S. Park, A. Wang, B. Kawas, Q. V. Liao, D. Piorkowski and Marina Danilevsky. "Facilitating Knowledge Sharing from Domain Experts to Data Scientists for Building NLP Models," ACM Conf. on Intelligent User Interfaces (IUI), 18 pages, 2021 [abstract]
Abstract: Data scientists face a steep learning curve in understanding a new domain for which they want to build machine learning (ML) models. While input from domain experts could offer valuable help, such input is often limited, expensive, and generally not in a form readily consumable by a model development pipeline. In this paper, we propose Ziva, a framework to guide domain experts in sharing essential domain knowledge to data scientists for building NLP models. With Ziva, experts are able to distill and share their domain knowledge using domain concept extractors and five types of label justification over a representative data sample. The design of Ziva is informed by preliminary interviews with data scientists, in order to understand current practices of domain knowledge acquisition process for ML development projects. To assess our design, we run a mix-method case-study to evaluate how Ziva can facilitate interaction of domain experts and data scientists. Our results highlight that (1) domain experts are able to use Ziva to provide rich domain knowledge, while maintaining low mental load and stress levels; and (2) data scientists find Ziva's output helpful for learning essential information about the domain, offering scalability of information, and lowering the burden on domain experts to share knowledge. We conclude this work by experimenting with building NLP models using the Ziva output by our case study.
S. K. Kuttal, J. Myers, S. Gurka, D. Magar, D. Piorkowski and R. Bellamy. "Towards Designing Conversational Agents for Pair Programming: Accounting for Creativity Strategies and Conversational Styles," 2020 IEEE Symposium on Visual Languages and Human-Centric Computing (VL/HCC), pp. 1-11, 2000 [abstract]
Abstract: Established research on pair programming reveals benefits, including increasing communication, creativity, self-efficacy, and promoting gender inclusivity. However, research has reported limitations such as finding a compatible partner, scheduling sessions between partners, and resistance to pairing. Further, pairings can be affected by predispositions to negative stereotypes. These problems can be addressed by replacing one human member of the pair with a conversational agent. To investigate the design space of such a conversational agent, we conducted a controlled remote pair programming study. Our analysis found various creative problem-solving strategies and differences in conversational styles. We further analyzed the transferable strategies from human-human collaboration to human-agent collaboration by conducting a Wizard of Oz study. The findings from the two studies helped us gain insights regarding design of a programmer conversational agent. We make recommendations for researchers and practitioners for designing pair programming conversational agent tools.

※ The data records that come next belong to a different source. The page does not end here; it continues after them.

lemma lat_rel_equiv:
  assumes N: "N \<in> carrier_mat n n"
  shows "equiv (carrier_vec n) (lat_rel N)"
proof (rule equivI)
  show "lat_rel N \<subseteq> carrier_vec n \<times> carrier_vec n" using lat_rel_iff[OF N] by auto
  show "refl_on (carrier_vec n) (lat_rel N)"
    by (rule refl_onI) (auto simp: lat_rel_iff[OF N] intro!: bexI[of _ "0\<^sub>v n"])
  show "sym (lat_rel N)"
  proof (rule symI)
    fix u v assume "(u,v) \<in> lat_rel N"
    then obtain w where uvw: "u \<in> carrier_vec n" "v \<in> carrier_vec n" "w \<in> carrier_vec n"
      and e: "\<forall>j<n. u $ j - v $ j = (\<Sum>i<n. N $$ (i,j) * w $ i)"
      unfolding lat_rel_iff[OF N] by blast
    show "(v,u) \<in> lat_rel N" unfolding lat_rel_iff[OF N]
    proof (intro conjI bexI[of _ "- w"] allI impI)
      fix j assume "j < n"
      then have "v $ j - u $ j = - (\<Sum>i<n. N $$ (i,j) * w $ i)" using e by fastforce
      then show "v $ j - u $ j = (\<Sum>i<n. N $$ (i,j) * (- w) $ i)"
        using uvw by (auto simp: sum_negf[symmetric] intro!: sum.cong)
    qed (use uvw in auto)
  qed
  show "trans (lat_rel N)"
  proof (rule transI)
    fix u v t assume "(u,v) \<in> lat_rel N" "(v,t) \<in> lat_rel N"
    then obtain w1 w2 where uvw: "u \<in> carrier_vec n" "t \<in> carrier_vec n"
      "w1 \<in> carrier_vec n" "w2 \<in> carrier_vec n"
      and e1: "\<forall>j<n. u $ j - v $ j = (\<Sum>i<n. N $$ (i,j) * w1 $ i)"
      and e2: "\<forall>j<n. v $ j - t $ j = (\<Sum>i<n. N $$ (i,j) * w2 $ i)"
      unfolding lat_rel_iff[OF N] by blast
    show "(u,t) \<in> lat_rel N" unfolding lat_rel_iff[OF N]
    proof (intro conjI bexI[of _ "w1 + w2"] allI impI)
      fix j assume "j < n"
      then have "u $ j - t $ j = (\<Sum>i<n. N $$ (i,j) * w1 $ i) + (\<Sum>i<n. N $$ (i,j) * w2 $ i)"
        using e1 e2 by fastforce
      then show "u $ j - t $ j = (\<Sum>i<n. N $$ (i,j) * (w1 + w2) $ i)"
        using uvw by (auto simp: distrib_left sum.distrib[symmetric] intro!: sum.cong)
    qed (use uvw in auto)
  qed
qed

M. Muller, I. Lange, D. Wang, D. Piorkowski, J. Tsay, Q. V. Liao, C. Dugan and T. Erickson. "How Data Science Workers Work with Data: Discovery, Capture, Curation, Design, Creation," ACM Proc. Int'l Conf. Human Factors in Computing Systems (CHI), 14 pages, 2019 [abstract]
Abstract: With the rise of big data, there has been an increasing need for practitioners in this space and an increasing opportunity for researchers to understand their workflows and design new tools to improve it. Data science is often described as data-driven, comprising unambiguous data and proceeding through regularized steps of analysis. However, this view focuses more on abstract processes, pipelines, and workflows, and less on how data science workers engage with the data. In this paper, we build on the work of other CSCW and HCI researchers in describing the ways that scientists, scholars, engineers, and others work with their data, through analyses of interviews with 21 data science professionals. We set five approaches to data along a dimension of interventions: Data as given; as captured; as curated; as designed; and as created. Data science workers develop an intuitive sense of their data and processes, and actively shape their data. We propose new ways to apply these interventions analytically, to make sense of the complex activities around data practices.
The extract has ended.